> Task brief
In the data below, which lines hold "ballI"? Copy every one.

Stored items
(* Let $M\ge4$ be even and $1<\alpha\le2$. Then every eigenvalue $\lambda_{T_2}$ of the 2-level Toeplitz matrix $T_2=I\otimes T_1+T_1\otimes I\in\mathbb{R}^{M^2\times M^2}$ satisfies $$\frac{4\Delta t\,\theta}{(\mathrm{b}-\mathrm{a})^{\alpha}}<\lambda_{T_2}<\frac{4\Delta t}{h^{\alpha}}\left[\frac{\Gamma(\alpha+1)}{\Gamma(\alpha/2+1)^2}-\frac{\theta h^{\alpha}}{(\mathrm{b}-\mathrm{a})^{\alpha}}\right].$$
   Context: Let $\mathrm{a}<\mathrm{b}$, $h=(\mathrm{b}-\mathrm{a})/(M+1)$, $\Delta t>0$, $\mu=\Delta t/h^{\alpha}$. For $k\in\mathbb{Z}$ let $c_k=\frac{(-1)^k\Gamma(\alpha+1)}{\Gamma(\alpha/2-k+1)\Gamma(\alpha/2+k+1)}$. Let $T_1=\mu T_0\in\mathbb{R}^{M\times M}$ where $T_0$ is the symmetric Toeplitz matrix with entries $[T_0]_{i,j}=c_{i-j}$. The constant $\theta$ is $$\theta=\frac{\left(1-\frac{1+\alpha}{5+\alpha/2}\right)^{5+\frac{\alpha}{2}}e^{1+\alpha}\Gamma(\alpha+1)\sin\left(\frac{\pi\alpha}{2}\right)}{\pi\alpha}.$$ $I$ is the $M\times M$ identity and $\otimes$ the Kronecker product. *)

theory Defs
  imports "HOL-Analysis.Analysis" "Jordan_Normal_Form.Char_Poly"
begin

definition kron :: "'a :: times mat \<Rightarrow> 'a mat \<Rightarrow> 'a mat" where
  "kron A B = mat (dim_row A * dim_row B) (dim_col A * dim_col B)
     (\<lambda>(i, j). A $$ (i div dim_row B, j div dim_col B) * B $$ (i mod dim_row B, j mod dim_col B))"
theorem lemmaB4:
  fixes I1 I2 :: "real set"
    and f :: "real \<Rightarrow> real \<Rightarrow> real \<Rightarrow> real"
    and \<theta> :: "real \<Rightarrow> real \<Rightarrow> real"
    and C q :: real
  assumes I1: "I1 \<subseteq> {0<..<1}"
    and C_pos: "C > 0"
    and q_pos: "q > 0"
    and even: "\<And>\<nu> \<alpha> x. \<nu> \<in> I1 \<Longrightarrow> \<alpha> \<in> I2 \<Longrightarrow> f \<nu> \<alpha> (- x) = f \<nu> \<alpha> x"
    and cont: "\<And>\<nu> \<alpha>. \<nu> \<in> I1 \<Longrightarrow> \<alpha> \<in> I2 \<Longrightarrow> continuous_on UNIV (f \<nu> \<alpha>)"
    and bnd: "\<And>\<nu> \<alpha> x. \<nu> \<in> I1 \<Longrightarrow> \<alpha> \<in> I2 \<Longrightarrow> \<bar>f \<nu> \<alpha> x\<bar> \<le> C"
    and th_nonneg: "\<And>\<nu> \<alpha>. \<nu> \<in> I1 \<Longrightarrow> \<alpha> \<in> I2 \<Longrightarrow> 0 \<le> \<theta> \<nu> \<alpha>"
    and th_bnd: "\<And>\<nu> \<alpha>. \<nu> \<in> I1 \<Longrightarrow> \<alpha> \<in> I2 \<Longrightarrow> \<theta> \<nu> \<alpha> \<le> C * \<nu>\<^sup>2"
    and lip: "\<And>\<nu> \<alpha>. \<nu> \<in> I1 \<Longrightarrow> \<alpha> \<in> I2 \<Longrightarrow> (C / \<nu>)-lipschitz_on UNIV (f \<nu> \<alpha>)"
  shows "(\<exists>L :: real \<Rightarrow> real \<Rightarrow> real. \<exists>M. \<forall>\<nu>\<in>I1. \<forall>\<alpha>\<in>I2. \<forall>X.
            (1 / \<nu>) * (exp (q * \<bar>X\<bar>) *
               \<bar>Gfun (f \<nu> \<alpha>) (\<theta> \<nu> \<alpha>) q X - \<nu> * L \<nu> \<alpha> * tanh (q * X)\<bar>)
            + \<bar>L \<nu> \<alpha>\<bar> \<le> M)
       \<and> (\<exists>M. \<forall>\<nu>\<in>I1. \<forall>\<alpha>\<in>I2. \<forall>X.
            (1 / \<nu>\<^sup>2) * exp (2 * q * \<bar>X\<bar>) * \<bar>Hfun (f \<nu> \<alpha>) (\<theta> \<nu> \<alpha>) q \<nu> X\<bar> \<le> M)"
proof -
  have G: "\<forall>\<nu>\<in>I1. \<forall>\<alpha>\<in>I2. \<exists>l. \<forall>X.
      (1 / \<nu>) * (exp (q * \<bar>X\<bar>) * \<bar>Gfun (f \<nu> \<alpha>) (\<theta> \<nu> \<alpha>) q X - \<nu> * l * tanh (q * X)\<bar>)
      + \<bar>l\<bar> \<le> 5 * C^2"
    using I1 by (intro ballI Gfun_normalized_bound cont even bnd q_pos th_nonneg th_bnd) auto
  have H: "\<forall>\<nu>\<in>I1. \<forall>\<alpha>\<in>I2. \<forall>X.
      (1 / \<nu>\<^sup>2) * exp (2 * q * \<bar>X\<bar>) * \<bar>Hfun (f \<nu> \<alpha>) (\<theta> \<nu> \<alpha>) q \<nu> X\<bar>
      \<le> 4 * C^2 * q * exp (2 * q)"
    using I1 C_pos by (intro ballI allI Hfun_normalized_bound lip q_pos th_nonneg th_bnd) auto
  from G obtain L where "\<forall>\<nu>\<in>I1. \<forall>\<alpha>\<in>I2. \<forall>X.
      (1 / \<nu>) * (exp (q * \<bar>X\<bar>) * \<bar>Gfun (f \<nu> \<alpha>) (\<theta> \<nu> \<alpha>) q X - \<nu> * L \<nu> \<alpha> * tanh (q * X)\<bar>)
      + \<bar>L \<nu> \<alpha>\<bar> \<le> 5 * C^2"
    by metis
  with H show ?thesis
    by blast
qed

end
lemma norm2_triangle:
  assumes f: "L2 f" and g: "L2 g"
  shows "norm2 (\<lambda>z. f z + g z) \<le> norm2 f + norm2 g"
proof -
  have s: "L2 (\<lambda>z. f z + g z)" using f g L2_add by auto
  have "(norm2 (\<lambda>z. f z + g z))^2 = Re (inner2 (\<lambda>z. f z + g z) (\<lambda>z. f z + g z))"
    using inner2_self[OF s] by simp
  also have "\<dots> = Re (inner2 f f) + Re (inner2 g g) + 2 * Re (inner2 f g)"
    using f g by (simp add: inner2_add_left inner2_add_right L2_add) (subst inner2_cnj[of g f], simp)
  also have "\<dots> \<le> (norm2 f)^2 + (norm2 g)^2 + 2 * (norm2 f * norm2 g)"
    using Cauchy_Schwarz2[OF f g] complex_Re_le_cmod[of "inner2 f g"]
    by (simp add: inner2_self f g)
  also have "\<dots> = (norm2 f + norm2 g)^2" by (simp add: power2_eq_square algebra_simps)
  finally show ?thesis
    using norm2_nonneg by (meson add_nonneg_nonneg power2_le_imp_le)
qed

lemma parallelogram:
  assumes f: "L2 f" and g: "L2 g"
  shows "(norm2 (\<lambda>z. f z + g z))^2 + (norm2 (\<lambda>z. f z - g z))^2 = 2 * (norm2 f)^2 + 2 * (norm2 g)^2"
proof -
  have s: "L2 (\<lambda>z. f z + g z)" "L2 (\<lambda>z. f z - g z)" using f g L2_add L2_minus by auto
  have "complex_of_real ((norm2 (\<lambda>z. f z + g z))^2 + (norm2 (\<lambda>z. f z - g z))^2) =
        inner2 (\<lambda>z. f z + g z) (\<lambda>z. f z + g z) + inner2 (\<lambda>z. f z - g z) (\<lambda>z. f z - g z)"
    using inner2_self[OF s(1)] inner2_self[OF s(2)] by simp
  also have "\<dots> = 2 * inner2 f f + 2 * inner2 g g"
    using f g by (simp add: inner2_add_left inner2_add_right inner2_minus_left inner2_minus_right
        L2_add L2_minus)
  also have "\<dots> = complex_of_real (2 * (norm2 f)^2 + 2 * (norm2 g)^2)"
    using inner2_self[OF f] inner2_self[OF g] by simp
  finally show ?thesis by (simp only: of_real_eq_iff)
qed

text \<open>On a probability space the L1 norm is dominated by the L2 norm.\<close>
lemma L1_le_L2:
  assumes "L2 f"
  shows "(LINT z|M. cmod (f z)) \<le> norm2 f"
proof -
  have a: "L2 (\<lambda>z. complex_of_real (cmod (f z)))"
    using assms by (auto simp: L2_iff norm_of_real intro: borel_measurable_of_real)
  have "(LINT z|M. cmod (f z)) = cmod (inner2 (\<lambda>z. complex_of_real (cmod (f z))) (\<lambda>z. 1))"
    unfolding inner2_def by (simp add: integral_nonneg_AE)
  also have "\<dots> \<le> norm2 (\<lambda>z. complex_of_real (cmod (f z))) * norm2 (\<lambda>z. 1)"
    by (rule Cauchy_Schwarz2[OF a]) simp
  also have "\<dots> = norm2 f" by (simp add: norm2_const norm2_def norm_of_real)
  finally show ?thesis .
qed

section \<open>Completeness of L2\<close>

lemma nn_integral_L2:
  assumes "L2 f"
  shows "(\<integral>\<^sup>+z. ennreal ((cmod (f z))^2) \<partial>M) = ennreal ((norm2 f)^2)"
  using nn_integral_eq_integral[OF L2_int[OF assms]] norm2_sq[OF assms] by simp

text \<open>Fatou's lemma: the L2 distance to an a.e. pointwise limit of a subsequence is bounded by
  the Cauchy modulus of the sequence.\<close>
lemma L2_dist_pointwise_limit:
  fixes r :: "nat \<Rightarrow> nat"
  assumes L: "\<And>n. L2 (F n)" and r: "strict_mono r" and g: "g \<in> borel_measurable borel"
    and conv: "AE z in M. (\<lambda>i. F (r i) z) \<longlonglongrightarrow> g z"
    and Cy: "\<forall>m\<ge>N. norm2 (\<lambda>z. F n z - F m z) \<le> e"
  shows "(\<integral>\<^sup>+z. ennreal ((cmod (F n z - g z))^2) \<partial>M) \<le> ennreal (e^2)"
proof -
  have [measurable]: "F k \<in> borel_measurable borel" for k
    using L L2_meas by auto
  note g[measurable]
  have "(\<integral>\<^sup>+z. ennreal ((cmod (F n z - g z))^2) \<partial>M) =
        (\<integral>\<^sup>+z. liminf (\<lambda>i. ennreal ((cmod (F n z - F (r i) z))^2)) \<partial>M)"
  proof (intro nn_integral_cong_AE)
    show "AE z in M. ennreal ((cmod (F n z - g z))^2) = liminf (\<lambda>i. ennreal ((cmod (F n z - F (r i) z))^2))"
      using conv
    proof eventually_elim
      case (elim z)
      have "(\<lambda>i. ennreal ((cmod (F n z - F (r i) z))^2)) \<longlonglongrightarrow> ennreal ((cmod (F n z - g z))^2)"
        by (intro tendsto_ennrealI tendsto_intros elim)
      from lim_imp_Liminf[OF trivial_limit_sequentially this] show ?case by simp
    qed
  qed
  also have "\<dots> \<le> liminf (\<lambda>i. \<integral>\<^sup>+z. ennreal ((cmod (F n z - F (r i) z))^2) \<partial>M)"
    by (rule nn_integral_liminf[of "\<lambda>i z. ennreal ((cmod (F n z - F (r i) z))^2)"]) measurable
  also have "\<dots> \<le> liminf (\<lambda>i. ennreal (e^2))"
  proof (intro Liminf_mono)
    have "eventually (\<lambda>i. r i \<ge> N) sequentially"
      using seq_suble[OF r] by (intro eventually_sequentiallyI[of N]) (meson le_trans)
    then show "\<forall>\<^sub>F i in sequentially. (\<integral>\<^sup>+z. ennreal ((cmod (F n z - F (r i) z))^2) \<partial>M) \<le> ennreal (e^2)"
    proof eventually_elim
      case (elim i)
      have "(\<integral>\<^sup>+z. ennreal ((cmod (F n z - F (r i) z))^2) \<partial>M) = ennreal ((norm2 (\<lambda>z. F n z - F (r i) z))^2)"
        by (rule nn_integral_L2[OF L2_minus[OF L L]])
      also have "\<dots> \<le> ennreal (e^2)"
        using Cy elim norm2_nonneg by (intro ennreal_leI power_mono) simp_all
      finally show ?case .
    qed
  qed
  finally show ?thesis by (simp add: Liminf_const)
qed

...

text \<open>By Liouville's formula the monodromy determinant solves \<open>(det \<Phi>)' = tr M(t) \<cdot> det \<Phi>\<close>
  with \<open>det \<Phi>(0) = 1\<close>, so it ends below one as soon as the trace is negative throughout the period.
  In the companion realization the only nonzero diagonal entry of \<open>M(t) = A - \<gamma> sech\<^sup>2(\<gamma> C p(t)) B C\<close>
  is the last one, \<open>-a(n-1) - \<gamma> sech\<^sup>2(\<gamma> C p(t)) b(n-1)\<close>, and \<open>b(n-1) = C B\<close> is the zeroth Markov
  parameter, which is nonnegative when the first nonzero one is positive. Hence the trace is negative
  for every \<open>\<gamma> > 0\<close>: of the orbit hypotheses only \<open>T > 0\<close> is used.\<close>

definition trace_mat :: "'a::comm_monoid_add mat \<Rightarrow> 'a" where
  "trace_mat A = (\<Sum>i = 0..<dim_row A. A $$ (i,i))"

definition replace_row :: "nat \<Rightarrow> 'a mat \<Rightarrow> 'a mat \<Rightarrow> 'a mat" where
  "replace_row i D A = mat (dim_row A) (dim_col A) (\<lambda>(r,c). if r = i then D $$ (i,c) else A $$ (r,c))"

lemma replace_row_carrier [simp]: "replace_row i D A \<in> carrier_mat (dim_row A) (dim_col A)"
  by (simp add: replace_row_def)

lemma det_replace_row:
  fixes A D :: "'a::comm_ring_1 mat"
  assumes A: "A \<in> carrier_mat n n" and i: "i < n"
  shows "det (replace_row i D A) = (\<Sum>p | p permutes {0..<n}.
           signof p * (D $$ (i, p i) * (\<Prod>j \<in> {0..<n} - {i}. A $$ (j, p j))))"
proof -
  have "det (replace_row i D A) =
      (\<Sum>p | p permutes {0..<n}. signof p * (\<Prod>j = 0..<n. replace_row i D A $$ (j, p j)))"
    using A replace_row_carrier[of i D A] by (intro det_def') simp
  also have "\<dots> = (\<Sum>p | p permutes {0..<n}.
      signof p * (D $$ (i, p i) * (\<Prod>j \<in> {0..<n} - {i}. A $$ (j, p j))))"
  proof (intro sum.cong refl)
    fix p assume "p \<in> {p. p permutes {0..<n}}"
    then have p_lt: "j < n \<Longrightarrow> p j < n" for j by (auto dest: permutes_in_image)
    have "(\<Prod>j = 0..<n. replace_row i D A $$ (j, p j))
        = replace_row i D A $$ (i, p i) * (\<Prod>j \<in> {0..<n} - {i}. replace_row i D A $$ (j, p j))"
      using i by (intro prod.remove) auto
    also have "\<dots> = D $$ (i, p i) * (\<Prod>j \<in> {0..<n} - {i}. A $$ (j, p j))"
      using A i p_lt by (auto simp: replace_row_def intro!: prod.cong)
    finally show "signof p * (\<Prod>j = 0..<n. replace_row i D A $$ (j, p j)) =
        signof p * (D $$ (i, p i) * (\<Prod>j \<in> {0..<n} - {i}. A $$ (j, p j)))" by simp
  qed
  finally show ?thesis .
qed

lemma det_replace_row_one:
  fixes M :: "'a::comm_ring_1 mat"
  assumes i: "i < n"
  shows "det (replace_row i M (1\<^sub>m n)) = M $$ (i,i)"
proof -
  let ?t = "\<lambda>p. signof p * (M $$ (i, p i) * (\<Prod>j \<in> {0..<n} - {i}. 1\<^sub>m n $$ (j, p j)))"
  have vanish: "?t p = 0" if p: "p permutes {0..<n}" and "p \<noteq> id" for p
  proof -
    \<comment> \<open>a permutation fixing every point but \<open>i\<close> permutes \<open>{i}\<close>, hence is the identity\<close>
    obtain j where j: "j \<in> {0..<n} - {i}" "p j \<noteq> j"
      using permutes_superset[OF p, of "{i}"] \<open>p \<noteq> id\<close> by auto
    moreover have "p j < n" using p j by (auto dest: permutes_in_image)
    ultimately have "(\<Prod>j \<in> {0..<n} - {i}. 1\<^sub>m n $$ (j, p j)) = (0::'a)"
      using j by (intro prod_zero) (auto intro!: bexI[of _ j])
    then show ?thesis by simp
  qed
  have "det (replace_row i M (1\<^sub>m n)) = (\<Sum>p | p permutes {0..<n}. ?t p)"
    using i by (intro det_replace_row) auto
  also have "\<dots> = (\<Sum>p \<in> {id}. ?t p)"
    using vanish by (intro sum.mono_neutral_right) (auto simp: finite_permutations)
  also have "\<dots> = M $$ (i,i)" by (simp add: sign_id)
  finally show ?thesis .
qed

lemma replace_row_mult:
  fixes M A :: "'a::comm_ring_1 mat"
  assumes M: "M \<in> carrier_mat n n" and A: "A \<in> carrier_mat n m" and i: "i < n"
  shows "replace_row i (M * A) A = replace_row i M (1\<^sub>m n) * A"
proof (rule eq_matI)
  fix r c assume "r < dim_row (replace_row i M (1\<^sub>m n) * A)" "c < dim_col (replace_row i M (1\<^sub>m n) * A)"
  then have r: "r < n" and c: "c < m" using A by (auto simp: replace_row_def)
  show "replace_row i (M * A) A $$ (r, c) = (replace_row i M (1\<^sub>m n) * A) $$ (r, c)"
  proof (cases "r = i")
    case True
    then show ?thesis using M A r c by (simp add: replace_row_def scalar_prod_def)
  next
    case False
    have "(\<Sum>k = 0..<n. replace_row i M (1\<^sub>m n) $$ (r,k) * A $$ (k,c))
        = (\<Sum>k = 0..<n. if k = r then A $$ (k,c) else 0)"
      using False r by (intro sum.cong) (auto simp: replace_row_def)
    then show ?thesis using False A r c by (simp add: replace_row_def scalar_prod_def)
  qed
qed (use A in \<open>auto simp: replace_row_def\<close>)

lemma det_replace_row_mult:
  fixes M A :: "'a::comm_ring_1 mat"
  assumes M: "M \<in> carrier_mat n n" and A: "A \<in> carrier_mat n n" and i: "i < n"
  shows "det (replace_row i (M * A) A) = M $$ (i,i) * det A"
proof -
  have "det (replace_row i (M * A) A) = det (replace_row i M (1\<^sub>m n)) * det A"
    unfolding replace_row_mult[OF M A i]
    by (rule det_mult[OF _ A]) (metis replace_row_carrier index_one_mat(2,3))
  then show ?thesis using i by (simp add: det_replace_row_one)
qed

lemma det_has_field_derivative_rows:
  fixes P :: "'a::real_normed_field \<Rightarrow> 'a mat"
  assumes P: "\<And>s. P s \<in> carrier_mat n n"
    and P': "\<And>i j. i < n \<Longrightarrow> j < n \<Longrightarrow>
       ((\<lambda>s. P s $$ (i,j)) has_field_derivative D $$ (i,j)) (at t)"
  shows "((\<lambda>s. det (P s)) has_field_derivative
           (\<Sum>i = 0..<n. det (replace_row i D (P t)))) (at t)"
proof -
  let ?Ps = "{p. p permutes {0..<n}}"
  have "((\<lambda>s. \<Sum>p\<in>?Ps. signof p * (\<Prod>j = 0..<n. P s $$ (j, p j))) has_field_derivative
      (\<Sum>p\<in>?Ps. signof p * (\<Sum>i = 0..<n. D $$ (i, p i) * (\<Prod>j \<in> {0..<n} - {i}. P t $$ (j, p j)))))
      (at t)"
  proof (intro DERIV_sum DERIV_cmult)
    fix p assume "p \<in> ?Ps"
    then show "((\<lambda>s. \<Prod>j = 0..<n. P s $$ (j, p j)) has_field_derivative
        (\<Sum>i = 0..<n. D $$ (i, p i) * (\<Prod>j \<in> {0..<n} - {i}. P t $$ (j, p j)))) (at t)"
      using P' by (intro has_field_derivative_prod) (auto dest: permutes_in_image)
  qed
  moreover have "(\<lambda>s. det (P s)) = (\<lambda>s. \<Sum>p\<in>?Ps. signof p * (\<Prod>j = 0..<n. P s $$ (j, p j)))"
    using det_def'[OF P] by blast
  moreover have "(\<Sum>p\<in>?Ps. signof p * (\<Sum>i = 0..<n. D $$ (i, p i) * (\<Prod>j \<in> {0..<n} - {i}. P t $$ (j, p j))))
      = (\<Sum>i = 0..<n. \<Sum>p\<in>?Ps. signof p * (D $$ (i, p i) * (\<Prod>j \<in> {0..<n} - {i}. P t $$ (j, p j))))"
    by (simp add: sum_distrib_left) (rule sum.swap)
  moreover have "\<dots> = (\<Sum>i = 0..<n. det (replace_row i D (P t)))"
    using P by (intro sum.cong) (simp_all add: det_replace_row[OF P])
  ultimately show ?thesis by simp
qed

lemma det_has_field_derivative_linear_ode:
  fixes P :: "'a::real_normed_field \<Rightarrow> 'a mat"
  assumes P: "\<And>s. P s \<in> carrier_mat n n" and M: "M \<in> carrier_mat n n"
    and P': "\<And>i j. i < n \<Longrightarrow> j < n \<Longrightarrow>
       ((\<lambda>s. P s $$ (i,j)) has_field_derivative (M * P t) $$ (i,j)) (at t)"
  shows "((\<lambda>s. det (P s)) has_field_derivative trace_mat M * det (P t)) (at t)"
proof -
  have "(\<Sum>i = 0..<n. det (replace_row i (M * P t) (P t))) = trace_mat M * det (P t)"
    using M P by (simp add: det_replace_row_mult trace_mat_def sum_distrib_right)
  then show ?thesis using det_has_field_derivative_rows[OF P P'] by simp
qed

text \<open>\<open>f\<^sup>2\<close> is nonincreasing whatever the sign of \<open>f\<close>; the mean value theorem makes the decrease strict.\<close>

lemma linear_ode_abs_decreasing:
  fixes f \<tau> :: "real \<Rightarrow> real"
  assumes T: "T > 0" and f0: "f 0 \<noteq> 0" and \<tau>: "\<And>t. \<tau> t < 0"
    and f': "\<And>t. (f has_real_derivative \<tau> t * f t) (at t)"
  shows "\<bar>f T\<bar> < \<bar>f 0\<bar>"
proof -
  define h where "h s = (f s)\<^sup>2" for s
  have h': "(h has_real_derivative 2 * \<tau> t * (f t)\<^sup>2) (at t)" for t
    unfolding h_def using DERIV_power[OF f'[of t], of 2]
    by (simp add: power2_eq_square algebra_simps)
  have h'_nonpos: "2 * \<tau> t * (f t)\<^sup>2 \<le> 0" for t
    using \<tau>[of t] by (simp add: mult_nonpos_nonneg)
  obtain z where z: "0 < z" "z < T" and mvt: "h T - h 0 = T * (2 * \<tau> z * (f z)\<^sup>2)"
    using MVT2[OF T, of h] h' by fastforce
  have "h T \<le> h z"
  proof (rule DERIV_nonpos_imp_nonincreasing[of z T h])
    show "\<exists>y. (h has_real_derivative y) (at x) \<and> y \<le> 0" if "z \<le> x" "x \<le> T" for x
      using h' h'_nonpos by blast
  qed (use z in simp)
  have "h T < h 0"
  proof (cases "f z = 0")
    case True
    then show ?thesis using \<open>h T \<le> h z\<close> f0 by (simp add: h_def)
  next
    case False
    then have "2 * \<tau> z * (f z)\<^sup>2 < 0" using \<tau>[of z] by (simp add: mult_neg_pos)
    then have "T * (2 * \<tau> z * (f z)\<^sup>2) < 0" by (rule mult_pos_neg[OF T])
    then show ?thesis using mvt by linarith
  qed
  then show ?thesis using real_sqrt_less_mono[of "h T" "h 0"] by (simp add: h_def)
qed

...

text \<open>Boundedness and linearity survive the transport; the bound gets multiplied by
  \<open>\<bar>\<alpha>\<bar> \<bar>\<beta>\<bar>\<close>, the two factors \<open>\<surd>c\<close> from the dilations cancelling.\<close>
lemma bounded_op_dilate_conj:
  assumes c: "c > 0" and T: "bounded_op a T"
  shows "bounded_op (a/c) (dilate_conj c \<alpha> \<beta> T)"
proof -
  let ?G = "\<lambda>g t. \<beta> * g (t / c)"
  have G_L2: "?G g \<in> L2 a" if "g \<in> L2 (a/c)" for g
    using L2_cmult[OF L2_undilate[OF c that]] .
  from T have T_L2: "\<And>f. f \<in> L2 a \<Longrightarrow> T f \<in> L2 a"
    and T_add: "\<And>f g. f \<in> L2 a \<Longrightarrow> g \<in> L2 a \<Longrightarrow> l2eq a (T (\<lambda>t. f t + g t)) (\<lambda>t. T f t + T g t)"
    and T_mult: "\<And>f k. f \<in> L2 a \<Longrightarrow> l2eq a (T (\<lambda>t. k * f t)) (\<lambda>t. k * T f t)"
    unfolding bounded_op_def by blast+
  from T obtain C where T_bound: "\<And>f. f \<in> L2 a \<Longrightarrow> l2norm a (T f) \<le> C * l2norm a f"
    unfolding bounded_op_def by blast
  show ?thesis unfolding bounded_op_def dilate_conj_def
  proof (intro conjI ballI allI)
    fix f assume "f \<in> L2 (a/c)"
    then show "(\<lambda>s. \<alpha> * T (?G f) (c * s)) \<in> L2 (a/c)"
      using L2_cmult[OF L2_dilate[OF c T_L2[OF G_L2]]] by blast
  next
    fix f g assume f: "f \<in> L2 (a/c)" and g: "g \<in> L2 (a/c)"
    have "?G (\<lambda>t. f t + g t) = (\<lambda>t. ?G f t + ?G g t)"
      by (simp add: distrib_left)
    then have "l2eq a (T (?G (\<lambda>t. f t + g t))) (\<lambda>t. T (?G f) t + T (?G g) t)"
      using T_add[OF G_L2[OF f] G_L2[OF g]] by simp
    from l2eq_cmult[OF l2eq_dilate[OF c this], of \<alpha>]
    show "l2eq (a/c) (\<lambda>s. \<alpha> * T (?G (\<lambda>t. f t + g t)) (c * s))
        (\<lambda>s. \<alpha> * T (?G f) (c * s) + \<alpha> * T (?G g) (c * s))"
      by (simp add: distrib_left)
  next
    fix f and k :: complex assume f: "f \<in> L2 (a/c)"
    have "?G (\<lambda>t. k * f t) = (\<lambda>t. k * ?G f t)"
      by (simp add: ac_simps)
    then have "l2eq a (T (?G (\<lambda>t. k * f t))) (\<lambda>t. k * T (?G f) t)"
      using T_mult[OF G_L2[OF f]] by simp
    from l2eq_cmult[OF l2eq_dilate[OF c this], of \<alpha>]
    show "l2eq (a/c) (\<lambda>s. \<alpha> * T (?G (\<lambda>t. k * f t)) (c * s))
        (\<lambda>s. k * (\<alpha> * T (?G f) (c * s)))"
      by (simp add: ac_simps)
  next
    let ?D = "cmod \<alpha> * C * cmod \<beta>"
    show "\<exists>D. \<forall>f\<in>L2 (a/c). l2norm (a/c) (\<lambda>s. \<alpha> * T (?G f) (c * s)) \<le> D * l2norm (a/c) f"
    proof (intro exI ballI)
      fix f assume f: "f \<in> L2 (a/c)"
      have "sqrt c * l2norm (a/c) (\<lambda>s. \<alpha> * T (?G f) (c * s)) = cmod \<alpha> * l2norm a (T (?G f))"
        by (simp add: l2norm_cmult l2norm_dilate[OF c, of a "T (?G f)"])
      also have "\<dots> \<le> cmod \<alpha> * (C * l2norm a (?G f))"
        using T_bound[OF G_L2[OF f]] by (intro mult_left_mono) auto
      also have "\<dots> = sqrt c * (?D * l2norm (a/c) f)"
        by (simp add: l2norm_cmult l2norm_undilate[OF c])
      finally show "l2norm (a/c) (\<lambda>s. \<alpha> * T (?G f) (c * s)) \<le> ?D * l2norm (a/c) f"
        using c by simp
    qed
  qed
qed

> Answer box
    using I1 by (intro ballI Gfun_normalized_bound cont even bnd q_pos th_nonneg th_bnd) auto
    using I1 C_pos by (intro ballI allI Hfun_normalized_bound lip q_pos th_nonneg th_bnd) auto
  proof (intro conjI ballI allI)
    proof (intro exI ballI)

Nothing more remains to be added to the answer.